> [Problem]:
Retype the line containing "using assms Suc" and each later line through the end of the listing, exactly as written, with no other lines.

Start of Input for this task

lemma lead_coeff_degree_fibpoly:
  "n > 0 \<Longrightarrow> lead_coeff (fibpoly n) = 1 \<and> degree (fibpoly n) = n - 1"
proof (induction n rule: fibpoly.induct)
  case (3 n)
  have lc: "lead_coeff (fibpoly (Suc n)) = 1" and deg: "degree (fibpoly (Suc n)) = n"
    using "3.IH"(1) by auto
  then have "fibpoly (Suc n) \<noteq> 0"
    by auto
  then have deg_X: "degree (X_poly * fibpoly (Suc n)) = Suc n"
    and lc_X: "lead_coeff (X_poly * fibpoly (Suc n)) = 1"
    using lc deg by (simp_all add: X_poly_def)
  have "degree (fibpoly n) < Suc n"
    using "3.IH"(2) by (cases n) auto
  then show ?case
    using deg_X lc_X by (simp add: fibpoly_Suc_Suc degree_add_eq_left coeff_eq_0)
qed auto

lemma lead_coeff_fibpoly: "n > 0 \<Longrightarrow> lead_coeff (fibpoly n) = 1"
  using lead_coeff_degree_fibpoly by blast

lemma fibpoly_nonzero: "n > 0 \<Longrightarrow> fibpoly n \<noteq> 0"
  using lead_coeff_fibpoly[of n] by auto

lemma fibpoly_cassini:
  "fibpoly (Suc n)^2 - X_poly * fibpoly (Suc n) * fibpoly n - fibpoly n^2 = (-1)^n"
proof (induction n)
  case (Suc n)
  have "fibpoly (Suc (Suc n))^2 - X_poly * fibpoly (Suc (Suc n)) * fibpoly (Suc n) - fibpoly (Suc n)^2
     = - (fibpoly (Suc n)^2 - X_poly * fibpoly (Suc n) * fibpoly n - fibpoly n^2)"
    unfolding fibpoly_Suc_Suc by (simp add: power2_eq_square algebra_simps)
  with Suc show ?case
    by simp
qed simp

lemma coprime_fibpoly_Suc: "coprime (fibpoly n) (fibpoly (Suc n))"
proof (rule coprimeI)
  fix c assume "c dvd fibpoly n" "c dvd fibpoly (Suc n)"
  then have "c dvd (-1)^n"
    unfolding fibpoly_cassini[symmetric] by (simp add: power2_eq_square)
  then show "is_unit c"
    by (simp add: is_unit_power_iff dvd_unit_imp_unit)
qed

lemma fibpoly_add:
  "fibpoly (Suc (m + n)) = fibpoly (Suc m) * fibpoly (Suc n) + fibpoly m * fibpoly n"
proof (induction m rule: fibpoly.induct)
  case (3 m)
  have "fibpoly (Suc (Suc (Suc m) + n)) = X_poly * fibpoly (Suc (Suc m + n)) + fibpoly (Suc (m + n))"
    using fibpoly_Suc_Suc[of "Suc (m + n)"] by simp
  also have "\<dots> = (X_poly * fibpoly (Suc (Suc m)) + fibpoly (Suc m)) * fibpoly (Suc n)
      + (X_poly * fibpoly (Suc m) + fibpoly m) * fibpoly n"
    using 3 by (simp add: algebra_simps)
  finally show ?case
    by (simp only: fibpoly_Suc_Suc)
qed (simp_all add: fibpoly_Suc_Suc)

lemma prime_dvd_fibpoly_add_iff:
  assumes "prime q" "q dvd fibpoly r"
  shows "q dvd fibpoly (m + r) \<longleftrightarrow> q dvd fibpoly m"
proof (cases r)
  case (Suc s)
  have "\<not> q dvd fibpoly s"
    using assms Suc coprime_fibpoly_Suc[of s] coprime_common_divisor not_prime_unit by blast
  then have "q dvd fibpoly m * fibpoly s \<longleftrightarrow> q dvd fibpoly m"
    using assms(1) by (simp add: prime_dvd_mult_iff)
  moreover have "fibpoly (m + r) = fibpoly (Suc m) * fibpoly r + fibpoly m * fibpoly s"
    using Suc fibpoly_add[of m s] by simp
  ultimately show ?thesis
    using assms(2) by (simp add: dvd_add_right_iff)
qed simp

lemma prime_dvd_fibpoly_iff_dvd:
  assumes "prime q" "q dvd fibpoly r" "r > 0"
    and minimal: "\<forall>k. 0 < k \<and> k < r \<longrightarrow> \<not> q dvd fibpoly k"
  shows "q dvd fibpoly n \<longleftrightarrow> r dvd n"
proof -
  have shift: "q dvd fibpoly (m + k * r) \<longleftrightarrow> q dvd fibpoly m" for m k
  proof (induction k)
    case (Suc k)
    then show ?case
      using prime_dvd_fibpoly_add_iff[OF assms(1,2), of "m + k * r"] by (simp add: add_ac)
  qed simp
  have "q dvd fibpoly n \<longleftrightarrow> q dvd fibpoly (n mod r)"
    using shift[of "n mod r" "n div r"] by simp
  also have "\<dots> \<longleftrightarrow> n mod r = 0"
    using minimal assms(3) by (cases "n mod r = 0") auto
  finally show ?thesis
    by (simp add: dvd_eq_mod_eq_0)
qed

End of Input for this task

> [Finished task]:
    using assms Suc coprime_fibpoly_Suc[of s] coprime_common_divisor not_prime_unit by blast
  then have "q dvd fibpoly m * fibpoly s \<longleftrightarrow> q dvd fibpoly m"
    using assms(1) by (simp add: prime_dvd_mult_iff)
  moreover have "fibpoly (m + r) = fibpoly (Suc m) * fibpoly r + fibpoly m * fibpoly s"
    using Suc fibpoly_add[of m s] by simp
  ultimately show ?thesis
    using assms(2) by (simp add: dvd_add_right_iff)
qed simp

lemma prime_dvd_fibpoly_iff_dvd:
  assumes "prime q" "q dvd fibpoly r" "r > 0"
    and minimal: "\<forall>k. 0 < k \<and> k < r \<longrightarrow> \<not> q dvd fibpoly k"
  shows "q dvd fibpoly n \<longleftrightarrow> r dvd n"
proof -
  have shift: "q dvd fibpoly (m + k * r) \<longleftrightarrow> q dvd fibpoly m" for m k
  proof (induction k)
    case (Suc k)
    then show ?case
      using prime_dvd_fibpoly_add_iff[OF assms(1,2), of "m + k * r"] by (simp add: add_ac)
  qed simp
  have "q dvd fibpoly n \<longleftrightarrow> q dvd fibpoly (n mod r)"
    using shift[of "n mod r" "n div r"] by simp
  also have "\<dots> \<longleftrightarrow> n mod r = 0"
    using minimal assms(3) by (cases "n mod r = 0") auto
  finally show ?thesis
    by (simp add: dvd_eq_mod_eq_0)
qed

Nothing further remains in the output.